The Australian newspaper has reported that articles regarding the recommendations of the Ruddock Review in Fairfax Media are not accurate.

The Australian has also gotten hold sections of the confidential report and says the recommendations surrounding how religious based schools can treat LGBTI students actually restrict how schools can discriminate against gay, bisexual and transgender students and teachers.

The report that has been kept under wraps by the government for months was leaked overnight by Fairfax Media, but now rival publication The Australian says the reports have misunderstood the report’s recommendations.

The newspaper says the the section of the review that it has seen actually recommend that no new laws be introduced in the area.

“To the extent that some jurisdictions do not currently allow religious schools to discriminate against students on the basis of sexual orientation, gender identity and gender characteristics, the panel sees no need to introduce such provisions.”

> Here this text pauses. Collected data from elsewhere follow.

(* Let $H$ be a real Hilbert space and let $T:H\to H$ be a nonexpansive operator with $Fix(T)=\{x\in H:Tx=x\}\neq\varnothing$. Let $z^{0},z^{-1}\in H$, let $\{e^k\}_{k\ge0}$ be a sequence in $H$, let $\{\alpha_k\}_{k\ge0},\{\lambda_k\}_{k\ge0}$ be nondecreasing real sequences, and define for $k\ge0$ $$\mu^{k}=z^{k}+\alpha_{k}(z^{k}-z^{k-1}),\qquad z^{k+1}=\mu^{k}+\lambda_{k}(T\mu^{k}+e^{k}-\mu^{k}).$$ Assume: (a) there is $\alpha\in[0,1)$ with $0\le\alpha_k\le\alpha$ for all $k$, and $\alpha_0=0$; (b) there are $\lambda,\sigma,\delta>0$ such that $$\delta>\frac{\alpha[\alpha(1+\alpha)+\sigma]}{1-\alpha^2}\quad\text{and}\quad 0<\lambda\le\lambda_k\le\frac{\delta-\alpha[\alpha(1+\alpha)+\alpha\delta+\sigma]}{\delta[1+\alpha(1+\alpha)+\alpha\delta+\sigma]}\ \text{ for all }k;$$ (c) the sequence $\{z^k\}$ is bounded; (d) $\sum_{k=0}^{+\infty}\|e^k\|<+\infty$. Then: (i) $\sum_{k=0}^{\infty}\|z^{k+1}-z^k\|^2<+\infty$, and in particular $\lim_{k\to+\infty}\|z^{k+1}-z^k\|=0$; (ii) for every $z^*\in Fix(T)$, $\lim_{k\to+\infty}\|z^k-z^*\|$ exists; (iii) $\lim_{k\to+\infty}\|T\mu^k-\mu^k\|=0$ and $\{z^k\}$ converges weakly to a fixed point of $T$. *)

theory Defs
  imports "HOL-Analysis.Analysis"
begin

text \<open>A real Hilbert space is modelled by a type of class real_inner and complete_space.\<close>

definition nonexpansive :: "('a::real_normed_vector \<Rightarrow> 'a) \<Rightarrow> bool" where
  "nonexpansive T \<longleftrightarrow> (\<forall>x y. norm (T x - T y) \<le> norm (x - y))"

definition Fix :: "('a \<Rightarrow> 'a) \<Rightarrow> 'a set" where
  "Fix T = {x. T x = x}"

definition weakly_converges_to :: "(nat \<Rightarrow> 'a::real_inner) \<Rightarrow> 'a \<Rightarrow> bool" where
  "weakly_converges_to x p \<longleftrightarrow> (\<forall>y. (\<lambda>k. inner (x k) y) \<longlonglongrightarrow> inner p y)"

end

theory Submission
  imports Defs
begin
lemma open_cusp_domain: "open cusp_domain"
proof -
  have "cusp_domain = {z. 0 < Re z} \<inter> {z. Re z < 1} \<inter> {z. \<bar>Im z\<bar> < cusp_profile (Re z)}"
    unfolding cusp_domain_def by auto
  also have "open \<dots>"
    by (intro open_Int open_Collect_less continuous_intros)
  finally show ?thesis .
qed

lemma frontier_cusp_domain:
  "frontier cusp_domain = {z. 0 \<le> Re z \<and> Re z \<le> 1 \<and> \<bar>Im z\<bar> = cusp_profile (Re z)}"
proof -
  have "frontier cusp_domain = closure cusp_domain - cusp_domain"
    using open_cusp_domain by (simp add: frontier_def interior_open)
  also have "\<dots> = {z. 0 \<le> Re z \<and> Re z \<le> 1 \<and> \<bar>Im z\<bar> = cusp_profile (Re z)}"
    unfolding closure_cusp_domain unfolding cusp_domain_def by (auto simp: cusp_profile_def less_le)
  finally show ?thesis .
qed

lemma zero_in_frontier_cusp_domain: "0 \<in> frontier cusp_domain"
  by (simp add: frontier_cusp_domain cusp_profile_def)

lemma interior_closure_cusp_domain: "interior (closure cusp_domain) = cusp_domain"
proof
  show "cusp_domain \<subseteq> interior (closure cusp_domain)"
    by (intro interior_maximal closure_subset open_cusp_domain)
  show "interior (closure cusp_domain) \<subseteq> cusp_domain"
  proof
    fix z assume z: "z \<in> interior (closure cusp_domain)"
    then obtain e where e: "0 < e" "ball z e \<subseteq> closure cusp_domain"
      by (meson mem_interior)
    show "z \<in> cusp_domain"
    proof (rule ccontr)
      assume "z \<notin> cusp_domain"
      then have "z \<in> frontier cusp_domain"
        using z interior_subset open_cusp_domain by (auto simp: frontier_def interior_open)
      then have edge: "\<bar>Im z\<bar> = cusp_profile (Re z)"
        by (simp add: frontier_cusp_domain)
      define z' where "z' = Complex (Re z) (Im z + (if 0 \<le> Im z then e/2 else - e/2))"
      have "dist z z' < e"
        using e by (simp add: z'_def dist_norm cmod_def)
      moreover have "cusp_profile (Re z') < \<bar>Im z'\<bar>"
        using e edge by (auto simp: z'_def)
      ultimately show False
        using e by (auto simp: closure_cusp_domain)
    qed
  qed
qed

The Australian claims that the report states that very few organisations included the ability to reject gay students in their submissions to the panel.

The newspaper suggests that the review panel actually recommend tightening up how such rejections on the basis of religious doctrine can be applied. The report calls for pregnancy to be removed as a reason for rejecting a student, and requires schools to be upfront about what may lead to a rejection, insisting on published policies.

The report was delivered to the government almost five months ago, but it appears very few members of the government have been given access to read it. This morning a succession of cabinet ministers stated that had not seen the report.

Recently when the senate passed a motion demanding the report be released, Senator Mathias Cormann said it could not be made public because it was currently being considered by cabinet.

Today’s events have indicated that more members of the media may have accessed report than members of the cabinet, and the government has been hit by a barrage of calls for the report to be released.